→ **EXERCISE PROMPT**
Set down the material exactly as given, please, from its first line through the line that includes "by (auto simp: algebra_simps".
* * *
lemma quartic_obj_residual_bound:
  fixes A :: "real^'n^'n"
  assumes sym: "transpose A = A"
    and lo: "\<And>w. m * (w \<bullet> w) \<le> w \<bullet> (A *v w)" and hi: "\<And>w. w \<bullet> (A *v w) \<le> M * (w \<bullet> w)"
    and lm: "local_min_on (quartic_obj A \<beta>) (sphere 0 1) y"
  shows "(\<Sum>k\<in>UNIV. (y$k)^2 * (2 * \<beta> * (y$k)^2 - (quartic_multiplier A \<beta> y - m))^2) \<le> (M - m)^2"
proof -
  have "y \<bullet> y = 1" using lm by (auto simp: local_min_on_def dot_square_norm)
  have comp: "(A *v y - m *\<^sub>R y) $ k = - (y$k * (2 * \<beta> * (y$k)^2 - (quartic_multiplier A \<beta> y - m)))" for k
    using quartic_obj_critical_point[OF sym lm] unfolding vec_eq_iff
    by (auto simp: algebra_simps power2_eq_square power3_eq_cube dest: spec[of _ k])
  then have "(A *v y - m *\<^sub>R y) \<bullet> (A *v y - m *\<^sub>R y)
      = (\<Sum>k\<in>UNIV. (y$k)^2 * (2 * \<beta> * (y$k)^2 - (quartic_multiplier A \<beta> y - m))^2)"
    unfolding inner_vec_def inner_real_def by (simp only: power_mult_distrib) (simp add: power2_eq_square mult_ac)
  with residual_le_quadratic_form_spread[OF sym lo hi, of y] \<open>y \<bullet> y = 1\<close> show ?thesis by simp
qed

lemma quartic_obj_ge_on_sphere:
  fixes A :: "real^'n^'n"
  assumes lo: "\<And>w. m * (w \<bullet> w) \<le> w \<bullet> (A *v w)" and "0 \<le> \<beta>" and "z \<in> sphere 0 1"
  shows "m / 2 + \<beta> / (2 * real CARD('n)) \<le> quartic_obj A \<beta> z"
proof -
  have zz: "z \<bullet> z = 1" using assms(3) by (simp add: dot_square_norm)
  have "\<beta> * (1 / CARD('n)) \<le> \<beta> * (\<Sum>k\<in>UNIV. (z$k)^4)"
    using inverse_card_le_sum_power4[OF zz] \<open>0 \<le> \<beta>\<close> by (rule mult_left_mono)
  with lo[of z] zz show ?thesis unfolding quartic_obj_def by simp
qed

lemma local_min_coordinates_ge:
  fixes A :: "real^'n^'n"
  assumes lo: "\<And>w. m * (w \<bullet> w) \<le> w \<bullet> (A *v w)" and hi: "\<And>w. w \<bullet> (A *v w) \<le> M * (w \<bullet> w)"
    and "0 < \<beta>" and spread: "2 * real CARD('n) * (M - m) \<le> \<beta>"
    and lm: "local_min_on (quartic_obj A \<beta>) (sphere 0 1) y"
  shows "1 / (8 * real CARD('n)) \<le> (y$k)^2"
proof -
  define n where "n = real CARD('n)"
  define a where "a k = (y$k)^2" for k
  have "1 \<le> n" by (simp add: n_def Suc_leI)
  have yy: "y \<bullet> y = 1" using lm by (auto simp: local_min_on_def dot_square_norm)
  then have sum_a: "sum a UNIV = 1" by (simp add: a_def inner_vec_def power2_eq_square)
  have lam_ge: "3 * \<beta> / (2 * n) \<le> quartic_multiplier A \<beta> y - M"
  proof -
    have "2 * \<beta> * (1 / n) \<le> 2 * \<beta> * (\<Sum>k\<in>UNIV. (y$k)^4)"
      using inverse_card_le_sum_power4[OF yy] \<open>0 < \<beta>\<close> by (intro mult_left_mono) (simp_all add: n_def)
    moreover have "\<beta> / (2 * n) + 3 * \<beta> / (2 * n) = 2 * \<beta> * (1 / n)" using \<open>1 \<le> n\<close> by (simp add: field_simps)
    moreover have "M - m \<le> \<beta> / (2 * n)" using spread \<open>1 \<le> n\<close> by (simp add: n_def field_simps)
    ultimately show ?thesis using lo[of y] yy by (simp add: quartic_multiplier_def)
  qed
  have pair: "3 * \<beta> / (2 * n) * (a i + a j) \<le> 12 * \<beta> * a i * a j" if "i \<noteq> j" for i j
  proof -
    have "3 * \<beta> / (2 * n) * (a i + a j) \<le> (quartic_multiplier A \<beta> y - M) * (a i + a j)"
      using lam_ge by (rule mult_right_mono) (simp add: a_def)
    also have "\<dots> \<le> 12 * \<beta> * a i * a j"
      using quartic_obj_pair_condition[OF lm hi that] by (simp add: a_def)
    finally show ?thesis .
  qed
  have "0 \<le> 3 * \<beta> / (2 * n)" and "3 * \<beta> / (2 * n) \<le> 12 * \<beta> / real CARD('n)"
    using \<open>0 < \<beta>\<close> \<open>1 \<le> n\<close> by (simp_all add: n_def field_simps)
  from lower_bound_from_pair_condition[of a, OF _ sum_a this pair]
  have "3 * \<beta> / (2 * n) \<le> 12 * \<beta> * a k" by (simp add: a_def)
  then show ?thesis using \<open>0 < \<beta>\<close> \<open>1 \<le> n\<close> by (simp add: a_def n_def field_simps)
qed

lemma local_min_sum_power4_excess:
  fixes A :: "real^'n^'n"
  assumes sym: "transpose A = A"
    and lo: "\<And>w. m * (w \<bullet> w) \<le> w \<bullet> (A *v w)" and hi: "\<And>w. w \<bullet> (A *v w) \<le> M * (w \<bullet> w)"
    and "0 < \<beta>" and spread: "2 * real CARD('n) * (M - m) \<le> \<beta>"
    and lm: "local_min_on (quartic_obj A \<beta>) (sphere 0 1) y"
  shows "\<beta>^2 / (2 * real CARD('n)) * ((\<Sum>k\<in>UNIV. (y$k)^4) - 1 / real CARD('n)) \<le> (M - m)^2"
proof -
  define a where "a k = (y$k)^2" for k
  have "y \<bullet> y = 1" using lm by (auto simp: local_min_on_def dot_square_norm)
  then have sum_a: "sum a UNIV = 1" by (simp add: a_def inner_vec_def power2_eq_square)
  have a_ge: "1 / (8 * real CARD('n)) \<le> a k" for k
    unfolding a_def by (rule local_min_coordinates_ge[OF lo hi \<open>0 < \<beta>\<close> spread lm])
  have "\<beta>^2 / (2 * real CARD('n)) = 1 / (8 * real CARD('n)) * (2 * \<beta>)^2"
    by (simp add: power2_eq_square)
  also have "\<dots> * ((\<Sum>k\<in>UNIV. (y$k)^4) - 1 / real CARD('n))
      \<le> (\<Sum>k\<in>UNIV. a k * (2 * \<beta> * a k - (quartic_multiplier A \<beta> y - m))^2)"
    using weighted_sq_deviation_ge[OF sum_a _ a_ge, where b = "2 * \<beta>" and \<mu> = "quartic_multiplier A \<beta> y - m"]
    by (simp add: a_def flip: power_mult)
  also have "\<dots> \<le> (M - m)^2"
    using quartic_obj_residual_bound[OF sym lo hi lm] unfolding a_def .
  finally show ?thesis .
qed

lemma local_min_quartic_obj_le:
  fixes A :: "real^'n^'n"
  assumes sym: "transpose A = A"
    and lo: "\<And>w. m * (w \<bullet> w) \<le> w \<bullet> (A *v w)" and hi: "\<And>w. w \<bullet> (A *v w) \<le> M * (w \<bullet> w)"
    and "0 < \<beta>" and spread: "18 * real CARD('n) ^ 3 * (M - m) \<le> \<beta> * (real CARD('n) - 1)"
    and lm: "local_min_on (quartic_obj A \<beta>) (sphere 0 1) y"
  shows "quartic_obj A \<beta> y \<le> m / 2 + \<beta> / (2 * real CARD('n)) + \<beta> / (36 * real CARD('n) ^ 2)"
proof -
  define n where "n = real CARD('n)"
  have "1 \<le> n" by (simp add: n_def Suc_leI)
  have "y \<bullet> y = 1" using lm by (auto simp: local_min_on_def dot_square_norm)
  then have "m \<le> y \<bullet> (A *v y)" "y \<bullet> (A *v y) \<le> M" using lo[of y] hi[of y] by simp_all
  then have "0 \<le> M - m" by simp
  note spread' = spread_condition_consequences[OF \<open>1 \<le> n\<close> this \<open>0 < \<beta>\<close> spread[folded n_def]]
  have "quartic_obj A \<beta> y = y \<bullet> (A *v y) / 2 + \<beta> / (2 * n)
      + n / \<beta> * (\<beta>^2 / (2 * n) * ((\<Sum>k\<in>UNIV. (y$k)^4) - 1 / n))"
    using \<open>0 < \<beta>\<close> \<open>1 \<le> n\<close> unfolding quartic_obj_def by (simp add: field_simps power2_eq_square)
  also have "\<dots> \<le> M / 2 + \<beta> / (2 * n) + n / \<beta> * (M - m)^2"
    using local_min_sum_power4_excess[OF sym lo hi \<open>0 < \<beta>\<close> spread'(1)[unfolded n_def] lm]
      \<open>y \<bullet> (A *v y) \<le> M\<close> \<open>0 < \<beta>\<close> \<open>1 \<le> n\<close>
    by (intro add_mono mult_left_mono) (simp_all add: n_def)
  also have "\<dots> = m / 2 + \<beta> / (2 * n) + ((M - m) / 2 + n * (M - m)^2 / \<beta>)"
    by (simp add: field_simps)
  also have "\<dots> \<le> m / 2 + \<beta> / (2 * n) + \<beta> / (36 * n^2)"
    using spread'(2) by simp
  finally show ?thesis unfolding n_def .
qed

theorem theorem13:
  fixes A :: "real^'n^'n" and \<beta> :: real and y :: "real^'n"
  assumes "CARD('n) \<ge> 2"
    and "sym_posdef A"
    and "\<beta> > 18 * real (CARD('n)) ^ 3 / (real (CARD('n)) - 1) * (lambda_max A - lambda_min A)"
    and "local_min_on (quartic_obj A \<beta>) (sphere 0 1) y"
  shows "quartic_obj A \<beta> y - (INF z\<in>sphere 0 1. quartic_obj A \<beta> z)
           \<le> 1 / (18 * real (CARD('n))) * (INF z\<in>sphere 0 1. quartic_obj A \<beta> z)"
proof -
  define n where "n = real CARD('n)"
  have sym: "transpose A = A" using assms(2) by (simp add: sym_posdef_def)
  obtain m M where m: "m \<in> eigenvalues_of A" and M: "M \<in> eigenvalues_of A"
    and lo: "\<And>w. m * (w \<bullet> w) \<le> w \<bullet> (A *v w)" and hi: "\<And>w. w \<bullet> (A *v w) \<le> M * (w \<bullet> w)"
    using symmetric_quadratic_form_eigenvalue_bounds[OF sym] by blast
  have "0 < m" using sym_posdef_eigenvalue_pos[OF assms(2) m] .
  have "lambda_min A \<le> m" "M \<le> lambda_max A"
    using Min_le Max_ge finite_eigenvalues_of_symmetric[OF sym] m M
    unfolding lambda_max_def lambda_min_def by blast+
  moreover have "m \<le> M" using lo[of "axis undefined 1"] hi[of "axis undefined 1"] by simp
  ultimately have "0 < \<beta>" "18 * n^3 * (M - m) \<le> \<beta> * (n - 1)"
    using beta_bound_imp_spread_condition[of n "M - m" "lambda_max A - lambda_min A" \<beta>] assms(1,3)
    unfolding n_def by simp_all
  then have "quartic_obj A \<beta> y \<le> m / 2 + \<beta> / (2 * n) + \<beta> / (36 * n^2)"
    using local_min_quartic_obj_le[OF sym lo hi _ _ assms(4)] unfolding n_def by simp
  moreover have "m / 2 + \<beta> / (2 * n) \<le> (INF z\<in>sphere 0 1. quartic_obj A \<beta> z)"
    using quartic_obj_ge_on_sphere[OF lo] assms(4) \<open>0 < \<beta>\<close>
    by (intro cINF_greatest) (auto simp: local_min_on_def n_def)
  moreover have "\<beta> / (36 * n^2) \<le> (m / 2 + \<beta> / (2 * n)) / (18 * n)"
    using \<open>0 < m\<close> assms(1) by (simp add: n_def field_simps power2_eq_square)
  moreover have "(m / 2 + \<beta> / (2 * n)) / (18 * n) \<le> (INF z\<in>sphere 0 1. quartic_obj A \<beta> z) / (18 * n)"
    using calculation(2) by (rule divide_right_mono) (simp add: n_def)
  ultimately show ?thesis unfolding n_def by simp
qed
* * *
→ **THE ANSWER**
lemma quartic_obj_residual_bound:
  fixes A :: "real^'n^'n"
  assumes sym: "transpose A = A"
    and lo: "\<And>w. m * (w \<bullet> w) \<le> w \<bullet> (A *v w)" and hi: "\<And>w. w \<bullet> (A *v w) \<le> M * (w \<bullet> w)"
    and lm: "local_min_on (quartic_obj A \<beta>) (sphere 0 1) y"
  shows "(\<Sum>k\<in>UNIV. (y$k)^2 * (2 * \<beta> * (y$k)^2 - (quartic_multiplier A \<beta> y - m))^2) \<le> (M - m)^2"
proof -
  have "y \<bullet> y = 1" using lm by (auto simp: local_min_on_def dot_square_norm)
  have comp: "(A *v y - m *\<^sub>R y) $ k = - (y$k * (2 * \<beta> * (y$k)^2 - (quartic_multiplier A \<beta> y - m)))" for k
    using quartic_obj_critical_point[OF sym lm] unfolding vec_eq_iff
    by (auto simp: algebra_simps power2_eq_square power3_eq_cube dest: spec[of _ k])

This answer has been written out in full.